Search the listing below for the word "process" and return each line that contains it.
========================================================================
(* Let $P,F,A_I,A_O,B_I,B_O,E_A,E_B$ be finite-dimensional Hilbert spaces with $d_{A_I}=d_{A_O}=:d_A$, $d_{B_I}=d_{B_O}=:d_B$, $d_P=d_F=d_Ad_{E_A}=d_Bd_{E_B}$. Let $(\Pi_A,\Phi_A)$ and $(\Pi_B,\Phi_B)$ be consistent frame functions for Alice and Bob, i.e. for all unitaries $U_A:A_I\to A_O$, $U_B:B_I\to B_O$, $\Phi_A(U_B)(U_A\otimes\mathbb{1}^{E_A})\Pi_A(U_B)=\Phi_B(U_A)(U_B\otimes\mathbb{1}^{E_B})\Pi_B(U_A)=:\mathcal{G}(U_A,U_B)$. Let $\{U_i\}_{i=1}^{d_A^2}$, $\{V_j\}_{j=1}^{d_B^2}$ be orthonormal bases of unitaries $A_I\to A_O$ and $B_I\to B_O$, and let $|w\rangle=\frac{1}{d_Ad_B}\sum_{i,j}|\mathcal{G}(U_i,V_j)\rangle\!\rangle^{PF}|U_i^*\rangle\!\rangle^{A_IA_O}|V_j^*\rangle\!\rangle^{B_IB_O}$ be the corresponding process vector. Let $E_I,E_O$ be Hilbert spaces isomorphic to $E_A$. Then $$|w\rangle=\frac{1}{d_B}\,\langle\!\langle\mathbb{1}|^{E_IE_O}\sum_j|\Pi_A(V_j)\rangle\!\rangle^{P,A_IE_I}\,|\Phi_A(V_j)\rangle\!\rangle^{A_OE_O,F}\,|V_j^*\rangle\!\rangle^{B_IB_O}.$$
   Context: A frame function for Alice is a pair $(\Pi_A,\Phi_A)$ of functions sending linear maps $T_B:B_I\to B_O$ to linear maps $\Pi_A(T_B):P\to A_I\otimes E_A$ and $\Phi_A(T_B):A_O\otimes E_A\to F$, unitary whenever $T_B$ is unitary; Bob's frame function is defined symmetrically with $\Pi_B(T_A):P\to B_I\otimes E_B$, $\Phi_B(T_A):B_O\otimes E_B\to F$. All spaces have fixed computational bases. For a linear map $K:X\to Y$, $|K\rangle\!\rangle^{X,Y}=\sum_i|i\rangle^X\otimes(K|i\rangle)^Y\in X\otimes Y$ (so $|\Pi_A(V)\rangle\!\rangle^{P,A_IE_I}\in P\otimes A_I\otimes E_I$ with the output $E_A$ identified with $E_I$, and $|\Phi_A(V)\rangle\!\rangle^{A_OE_O,F}\in A_O\otimes E_O\otimes F$ with the input $E_A$ identified with $E_O$); $K^*$ is entrywise complex conjugation. $\langle\!\langle\mathbb{1}|^{E_IE_O}$ denotes the bra of $|\mathbb{1}\rangle\!\rangle^{E_IE_O}=\sum_e|e\rangle^{E_I}|e\rangle^{E_O}$ applied (partial inner product) to the $E_I,E_O$ tensor factors, leaving the others. An orthonormal basis of unitaries $X\to Y$ ($d=\dim X=\dim Y$) is a set of $d^2$ unitaries $U_i$ with $\{|U_i\rangle\!\rangle\}$ a basis of $X\otimes Y$ and $\langle\!\langle U_i|U_j\rangle\!\rangle=d\,\delta_{ij}$. *)

theory Defs
  imports "HOL-Library.Cardinality" Complex_Main
begin

text \<open>Every Hilbert space is a finite type of basis labels (its fixed
computational basis). A linear map K : X \<rightarrow> Y is its matrix
K :: 'y \<Rightarrow> 'x \<Rightarrow> complex, with K y x = <y|K|x>. Tensor products of spaces are
product types. A vector in X1 \<otimes> ... \<otimes> Xn is a function of the n basis labels.\<close>

type_synonym ('x, 'y) lmap = "'y \<Rightarrow> 'x \<Rightarrow> complex"

definition mmult :: "('y, 'z) lmap \<Rightarrow> ('x, 'y) lmap \<Rightarrow> ('x, 'z) lmap"
  where "mmult A B = (\<lambda>z x. \<Sum>y\<in>UNIV. A z y * B y x)"

definition unitary_map :: "('x::finite, 'y::finite) lmap \<Rightarrow> bool" where
  "unitary_map K \<longleftrightarrow>
     (\<forall>x x'. (\<Sum>y\<in>UNIV. cnj (K y x) * K y x') = (if x = x' then 1 else 0)) \<and>
     (\<forall>y y'. (\<Sum>x\<in>UNIV. K y x * cnj (K y' x)) = (if y = y' then 1 else 0))"

definition tensor_id :: "('x, 'y) lmap \<Rightarrow> ('x \<times> 'e, 'y \<times> 'e) lmap" where
  "tensor_id K = (\<lambda>(y, e) (x, e'). if e = e' then K y x else 0)"

text \<open>|K>>^{X,Y} = \<Sum>_i |i>^X \<otimes> (K|i>)^Y, as a function of (x, y).\<close>
definition dket :: "('x, 'y) lmap \<Rightarrow> 'x \<Rightarrow> 'y \<Rightarrow> complex" where
  "dket K = (\<lambda>x y. K y x)"

definition conj_map :: "('x, 'y) lmap \<Rightarrow> ('x, 'y) lmap" where
  "conj_map K = (\<lambda>y x. cnj (K y x))"

definition frame_function ::
  "(('ti::finite, 'to::finite) lmap \<Rightarrow> ('p::finite, 'i::finite \<times> 'e::finite) lmap) \<Rightarrow>
   (('ti, 'to) lmap \<Rightarrow> ('o::finite \<times> 'e, 'f::finite) lmap) \<Rightarrow> bool" where
  "frame_function Pi Phi \<longleftrightarrow> (\<forall>T. unitary_map T \<longrightarrow> unitary_map (Pi T) \<and> unitary_map (Phi T))"

definition frame_comp ::
  "(('ti, 'to) lmap \<Rightarrow> ('p, 'i \<times> 'e::finite) lmap) \<Rightarrow>
   (('ti, 'to) lmap \<Rightarrow> ('o \<times> 'e, 'f) lmap) \<Rightarrow> ('i::finite, 'o::finite) lmap \<Rightarrow> ('ti, 'to) lmap
   \<Rightarrow> ('p, 'f) lmap" where
  "frame_comp Pi Phi U T = mmult (Phi T) (mmult (tensor_id U) (Pi T))"

definition orthonormal_unitary_basis :: "(nat \<Rightarrow> ('x::finite, 'y::finite) lmap) \<Rightarrow> bool" where
  "orthonormal_unitary_basis U \<longleftrightarrow>
     CARD('x) = CARD('y) \<and>
     (\<forall>i < CARD('x)^2. unitary_map (U i)) \<and>
     (\<forall>i < CARD('x)^2. \<forall>j < CARD('x)^2.
        (\<Sum>x\<in>UNIV. \<Sum>y\<in>UNIV. cnj (dket (U i) x y) * dket (U j) x y)
          = (if i = j then of_nat CARD('x) else 0)) \<and>
     (\<forall>v :: 'x \<Rightarrow> 'y \<Rightarrow> complex. \<exists>c. v = (\<lambda>x y. \<Sum>i<CARD('x)^2. c i * dket (U i) x y))"

end

theory Submission
  imports Defs
begin

text \<open>Only Alice's frame function enters. For fixed V the process map G(U, V) is linear
  in U, with kernel the contraction over E_A of \<Pi>_A(V) and \<Phi>_A(V). Any orthogonal basis of
  unitaries satisfies the completeness relation \<Sum>_i |U_i>><<U_i| = d_A 1, which carries out
  the sum over i.\<close>

lemma orthogonal_spanning_completeness:
  fixes b :: "'i \<Rightarrow> 'a::finite \<Rightarrow> complex"
  assumes "finite I" and "c \<noteq> 0"
    and orth: "\<And>i k. i \<in> I \<Longrightarrow> k \<in> I \<Longrightarrow>
      (\<Sum>a\<in>UNIV. cnj (b i a) * b k a) = (if i = k then c else 0)"
    and span: "\<And>v. \<exists>w. v = (\<lambda>a. \<Sum>i\<in>I. w i * b i a)"
  shows "(\<Sum>i\<in>I. b i a * cnj (b i a0)) = (if a = a0 then c else 0)"
proof -
  obtain w where "(\<lambda>a. if a = a0 then 1 else 0) = (\<lambda>a. \<Sum>i\<in>I. w i * b i a)"
    using span by blast
  then have w: "(if a = a0 then 1 else 0) = (\<Sum>i\<in>I. w i * b i a)" for a
    by (rule fun_cong)
  have coeff: "w i = cnj (b i a0) / c" if "i \<in> I" for i
  proof -
    have "cnj (b i a0) = (\<Sum>a\<in>UNIV. cnj (b i a) * (if a = a0 then 1 else 0))"
      by (simp add: if_distrib cong: if_cong)
    also have "\<dots> = (\<Sum>k\<in>I. w k * (\<Sum>a\<in>UNIV. cnj (b i a) * b k a))"
      by (simp add: w sum_distrib_left sum.swap[of _ I] mult_ac)
    also have "\<dots> = w i * c"
      using \<open>finite I\<close> \<open>i \<in> I\<close> by (simp add: orth if_distrib cong: if_cong)
    finally show ?thesis using \<open>c \<noteq> 0\<close> by (simp add: field_simps)
  qed
  have "(if a = a0 then 1 else 0) = (\<Sum>i\<in>I. w i * b i a)"
    by (rule w)
  also have "\<dots> = (\<Sum>i\<in>I. b i a * cnj (b i a0)) / c"
    by (simp add: coeff sum_divide_distrib mult.commute)
  finally show ?thesis using \<open>c \<noteq> 0\<close> by (auto simp: field_simps split: if_splits)
qed

lemma orthonormal_unitary_basis_completeness:
  fixes U :: "nat \<Rightarrow> ('x::finite, 'y::finite) lmap"
  assumes "orthonormal_unitary_basis U"
  shows "(\<Sum>i<CARD('x)^2. U i y x * cnj (U i y0 x0))
         = (if x = x0 \<and> y = y0 then of_nat CARD('x) else 0)"
proof -
  let ?b = "\<lambda>i a. U i (snd a) (fst a)"
  have "(\<Sum>i<CARD('x)^2. ?b i (x, y) * cnj (?b i (x0, y0)))
        = (if (x, y) = (x0, y0) then of_nat CARD('x) else 0)"
  proof (rule orthogonal_spanning_completeness)
    fix i k assume "i \<in> {..<CARD('x)^2}" "k \<in> {..<CARD('x)^2}"
    with assms have "(\<Sum>x\<in>UNIV. \<Sum>y\<in>UNIV. cnj (dket (U i) x y) * dket (U k) x y)
        = (if i = k then of_nat CARD('x) else 0)"
      unfolding orthonormal_unitary_basis_def by blast
    then show "(\<Sum>a\<in>UNIV. cnj (?b i a) * ?b k a) = (if i = k then of_nat CARD('x) else 0)"
      by (simp add: dket_def case_prod_unfold UNIV_Times_UNIV[symmetric] sum.cartesian_product
          del: UNIV_Times_UNIV)
  next
    fix v :: "'x \<times> 'y \<Rightarrow> complex"
    obtain w where "curry v = (\<lambda>x y. \<Sum>i<CARD('x)^2. w i * dket (U i) x y)"
      using assms unfolding orthonormal_unitary_basis_def by blast
    then have "v = (\<lambda>a. \<Sum>i<CARD('x)^2. w i * ?b i a)"
      by (auto simp: dket_def fun_eq_iff curry_def dest: fun_cong)
    then show "\<exists>w. v = (\<lambda>a. \<Sum>i\<in>{..<CARD('x)^2}. w i * ?b i a)" by blast
  qed simp_all
  then show ?thesis by simp
qed

lemma mmult_tensor_id_apply:
  fixes K :: "('p, 'x \<times> 'e::finite) lmap"
  shows "mmult (tensor_id W) K (y, e) p = (\<Sum>x\<in>UNIV. W y x * K (x, e) p)"
proof -
  have "mmult (tensor_id W) K (y, e) p
        = (\<Sum>x\<in>UNIV. \<Sum>e'\<in>UNIV. tensor_id W (y, e) (x, e') * K (x, e') p)"
    unfolding mmult_def
    by (simp add: UNIV_Times_UNIV[symmetric] sum.cartesian_product del: UNIV_Times_UNIV)
  also have "\<dots> = (\<Sum>x\<in>UNIV. W y x * K (x, e) p)"
    by (simp add: tensor_id_def if_distrib[where f = "\<lambda>z. z * _"] sum.delta' cong: if_cong)
  finally show ?thesis .
qed

lemma frame_comp_apply:
  fixes Phi :: "('ti, 'to) lmap \<Rightarrow> ('y::finite \<times> 'e::finite, 'f) lmap"
  shows "frame_comp Pi Phi W T f p =
     (\<Sum>y\<in>UNIV. \<Sum>x\<in>UNIV. W y x * (\<Sum>e\<in>UNIV. Phi T f (y, e) * Pi T (x, e) p))"
proof -
  have "frame_comp Pi Phi W T f p
        = (\<Sum>y\<in>UNIV. \<Sum>e\<in>UNIV. Phi T f (y, e) * (\<Sum>x\<in>UNIV. W y x * Pi T (x, e) p))"
    unfolding frame_comp_def mmult_def[of "Phi T"] mmult_tensor_id_apply[symmetric]
    by (simp add: UNIV_Times_UNIV[symmetric] sum.cartesian_product del: UNIV_Times_UNIV)
  then show ?thesis
    by (simp add: sum_distrib_left sum.swap[of _ "UNIV :: 'e set"] mult_ac)
qed

lemma orthonormal_unitary_basis_expansion:
  fixes U :: "nat \<Rightarrow> ('x::finite, 'y::finite) lmap"
  assumes "orthonormal_unitary_basis U"
  shows "(\<Sum>i<CARD('x)^2. (\<Sum>y\<in>UNIV. \<Sum>x\<in>UNIV. U i y x * M y x) * cnj (U i y0 x0))
         = of_nat CARD('x) * M y0 x0"
proof -
  have "(\<Sum>i<CARD('x)^2. (\<Sum>y\<in>UNIV. \<Sum>x\<in>UNIV. U i y x * M y x) * cnj (U i y0 x0))
        = (\<Sum>y\<in>UNIV. \<Sum>x\<in>UNIV. M y x * (\<Sum>i<CARD('x)^2. U i y x * cnj (U i y0 x0)))"
    by (simp add: sum_distrib_left sum_distrib_right sum.swap[of _ "{..<CARD('x)^2}"] mult_ac)
  also have "\<dots> = (\<Sum>y\<in>UNIV. \<Sum>x\<in>UNIV.
        if x = x0 then if y = y0 then of_nat CARD('x) * M y0 x0 else 0 else 0)"
    by (intro sum.cong refl) (simp add: orthonormal_unitary_basis_completeness[OF assms])
  also have "\<dots> = of_nat CARD('x) * M y0 x0"
    by simp
  finally show ?thesis .
qed

lemma frame_comp_sum_basis:
  fixes U :: "nat \<Rightarrow> ('i::finite, 'o::finite) lmap"
  assumes "orthonormal_unitary_basis U"
  shows "(\<Sum>i<CARD('i)^2. frame_comp Pi Phi (U i) T f p * cnj (U i o' i'))
         = of_nat CARD('i) * (\<Sum>e\<in>UNIV. Pi T (i', e) p * Phi T f (o', e))"
  unfolding frame_comp_apply orthonormal_unitary_basis_expansion[OF assms]
  by (simp add: mult.commute)

theorem theorem3:
  fixes PiA :: "('bi::finite, 'bo::finite) lmap \<Rightarrow> ('p::finite, 'ai::finite \<times> 'ea::finite) lmap"
    and PhiA :: "('bi, 'bo) lmap \<Rightarrow> ('ao::finite \<times> 'ea, 'f::finite) lmap"
    and PiB :: "('ai, 'ao) lmap \<Rightarrow> ('p, 'bi \<times> 'eb::finite) lmap"
    and PhiB :: "('ai, 'ao) lmap \<Rightarrow> ('bo \<times> 'eb, 'f) lmap"
    and U :: "nat \<Rightarrow> ('ai, 'ao) lmap"
    and V :: "nat \<Rightarrow> ('bi, 'bo) lmap"
  assumes dimA: "CARD('ai) = CARD('ao)"
    and dimB: "CARD('bi) = CARD('bo)"
    and dimPF: "CARD('p) = CARD('f)"
    and dimPA: "CARD('p) = CARD('ai) * CARD('ea)"
    and dimPB: "CARD('p) = CARD('bi) * CARD('eb)"
    and frameA: "frame_function PiA PhiA"
    and frameB: "frame_function PiB PhiB"
    and consistent: "\<And>UA UB. unitary_map UA \<Longrightarrow> unitary_map UB \<Longrightarrow>
        frame_comp PiA PhiA UA UB = frame_comp PiB PhiB UB UA"
    and basisU: "orthonormal_unitary_basis U"
    and basisV: "orthonormal_unitary_basis V"
  shows "(\<lambda>(p::'p) (f::'f) (ai::'ai) (ao::'ao) (bi::'bi) (bo::'bo).
            (1 / (of_nat CARD('ai) * of_nat CARD('bi))) *
            (\<Sum>i<CARD('ai)^2. \<Sum>j<CARD('bi)^2.
               dket (frame_comp PiA PhiA (U i) (V j)) p f *
               dket (conj_map (U i)) ai ao * dket (conj_map (V j)) bi bo))
       = (\<lambda>p f ai ao bi bo.
            (1 / of_nat CARD('bi)) *
            (\<Sum>j<CARD('bi)^2. \<Sum>e\<in>(UNIV::'ea set).
               dket (PiA (V j)) p (ai, e) * dket (PhiA (V j)) (ao, e) f *
               dket (conj_map (V j)) bi bo))"
proof -
  have sum_over_U: "(\<Sum>i<CARD('ai)^2. \<Sum>j<CARD('bi)^2.
           dket (frame_comp PiA PhiA (U i) (V j)) p f *
           dket (conj_map (U i)) ai ao * dket (conj_map (V j)) bi bo)
      = of_nat CARD('ai) * (\<Sum>j<CARD('bi)^2. \<Sum>e\<in>UNIV.
           dket (PiA (V j)) p (ai, e) * dket (PhiA (V j)) (ao, e) f *
           dket (conj_map (V j)) bi bo)" for p f ai ao bi bo
  proof -
    have "(\<Sum>i<CARD('ai)^2. \<Sum>j<CARD('bi)^2.
             dket (frame_comp PiA PhiA (U i) (V j)) p f *
             dket (conj_map (U i)) ai ao * dket (conj_map (V j)) bi bo)
        = (\<Sum>j<CARD('bi)^2.
             (\<Sum>i<CARD('ai)^2. frame_comp PiA PhiA (U i) (V j) f p * cnj (U i ao ai)) *
             cnj (V j bo bi))"
      unfolding dket_def conj_map_def
      by (simp add: sum.swap[of _ "{..<CARD('ai)^2}"] sum_distrib_right)
    also have "\<dots> = of_nat CARD('ai) * (\<Sum>j<CARD('bi)^2. \<Sum>e\<in>UNIV.
             dket (PiA (V j)) p (ai, e) * dket (PhiA (V j)) (ao, e) f *
             dket (conj_map (V j)) bi bo)"
      unfolding frame_comp_sum_basis[OF basisU] dket_def conj_map_def
      by (simp add: sum_distrib_left sum_distrib_right mult_ac)
    finally show ?thesis .
  qed
  show ?thesis by (simp add: sum_over_U)
qed

end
========================================================================
#### Finished task
(* Let $P,F,A_I,A_O,B_I,B_O,E_A,E_B$ be finite-dimensional Hilbert spaces with $d_{A_I}=d_{A_O}=:d_A$, $d_{B_I}=d_{B_O}=:d_B$, $d_P=d_F=d_Ad_{E_A}=d_Bd_{E_B}$. Let $(\Pi_A,\Phi_A)$ and $(\Pi_B,\Phi_B)$ be consistent frame functions for Alice and Bob, i.e. for all unitaries $U_A:A_I\to A_O$, $U_B:B_I\to B_O$, $\Phi_A(U_B)(U_A\otimes\mathbb{1}^{E_A})\Pi_A(U_B)=\Phi_B(U_A)(U_B\otimes\mathbb{1}^{E_B})\Pi_B(U_A)=:\mathcal{G}(U_A,U_B)$. Let $\{U_i\}_{i=1}^{d_A^2}$, $\{V_j\}_{j=1}^{d_B^2}$ be orthonormal bases of unitaries $A_I\to A_O$ and $B_I\to B_O$, and let $|w\rangle=\frac{1}{d_Ad_B}\sum_{i,j}|\mathcal{G}(U_i,V_j)\rangle\!\rangle^{PF}|U_i^*\rangle\!\rangle^{A_IA_O}|V_j^*\rangle\!\rangle^{B_IB_O}$ be the corresponding process vector. Let $E_I,E_O$ be Hilbert spaces isomorphic to $E_A$. Then $$|w\rangle=\frac{1}{d_B}\,\langle\!\langle\mathbb{1}|^{E_IE_O}\sum_j|\Pi_A(V_j)\rangle\!\rangle^{P,A_IE_I}\,|\Phi_A(V_j)\rangle\!\rangle^{A_OE_O,F}\,|V_j^*\rangle\!\rangle^{B_IB_O}.$$
text \<open>Only Alice's frame function enters. For fixed V the process map G(U, V) is linear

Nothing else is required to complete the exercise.